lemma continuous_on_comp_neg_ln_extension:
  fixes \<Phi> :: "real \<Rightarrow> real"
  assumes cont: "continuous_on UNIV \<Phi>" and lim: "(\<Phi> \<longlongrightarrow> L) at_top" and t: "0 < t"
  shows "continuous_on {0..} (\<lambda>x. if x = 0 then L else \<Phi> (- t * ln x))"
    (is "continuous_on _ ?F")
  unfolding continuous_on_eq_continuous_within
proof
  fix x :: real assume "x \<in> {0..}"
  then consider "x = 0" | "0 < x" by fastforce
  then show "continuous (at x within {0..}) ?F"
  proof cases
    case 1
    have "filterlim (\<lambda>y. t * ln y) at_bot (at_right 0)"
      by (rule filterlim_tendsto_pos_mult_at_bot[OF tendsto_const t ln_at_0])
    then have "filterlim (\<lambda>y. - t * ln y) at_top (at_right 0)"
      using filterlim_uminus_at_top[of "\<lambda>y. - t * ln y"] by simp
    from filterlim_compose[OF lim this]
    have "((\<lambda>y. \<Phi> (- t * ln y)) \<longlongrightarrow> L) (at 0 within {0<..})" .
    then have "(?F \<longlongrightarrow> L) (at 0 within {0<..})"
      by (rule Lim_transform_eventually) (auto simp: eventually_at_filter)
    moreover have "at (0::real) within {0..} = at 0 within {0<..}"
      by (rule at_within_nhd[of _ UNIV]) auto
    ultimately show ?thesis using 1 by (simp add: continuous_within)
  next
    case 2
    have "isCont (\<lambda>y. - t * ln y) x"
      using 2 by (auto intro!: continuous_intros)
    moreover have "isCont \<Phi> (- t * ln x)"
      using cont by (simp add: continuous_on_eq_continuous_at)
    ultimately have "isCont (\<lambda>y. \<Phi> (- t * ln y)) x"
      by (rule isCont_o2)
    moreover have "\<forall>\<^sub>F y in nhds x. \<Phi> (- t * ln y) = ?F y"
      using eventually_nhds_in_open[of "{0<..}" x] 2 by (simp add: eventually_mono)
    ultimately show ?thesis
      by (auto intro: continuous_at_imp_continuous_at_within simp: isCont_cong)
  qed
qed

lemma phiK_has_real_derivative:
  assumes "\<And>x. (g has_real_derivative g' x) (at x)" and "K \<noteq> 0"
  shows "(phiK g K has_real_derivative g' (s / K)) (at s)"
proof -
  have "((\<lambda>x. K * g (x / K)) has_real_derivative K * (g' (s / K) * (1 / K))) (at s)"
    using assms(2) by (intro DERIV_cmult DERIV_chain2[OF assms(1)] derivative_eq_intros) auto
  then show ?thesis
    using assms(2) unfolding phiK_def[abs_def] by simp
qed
··········
WHAT TO PRODUCE →
Copy out every line in the entries above that holds "simp".

EXERCISE RESULT →
      using filterlim_uminus_at_top[of "\<lambda>y. - t * ln y"] by simp
      by (rule Lim_transform_eventually) (auto simp: eventually_at_filter)
    ultimately show ?thesis using 1 by (simp add: continuous_within)
      using cont by (simp add: continuous_on_eq_continuous_at)
      using eventually_nhds_in_open[of "{0<..}" x] 2 by (simp add: eventually_mono)
      by (auto intro: continuous_at_imp_continuous_at_within simp: isCont_cong)
    using assms(2) unfolding phiK_def[abs_def] by simp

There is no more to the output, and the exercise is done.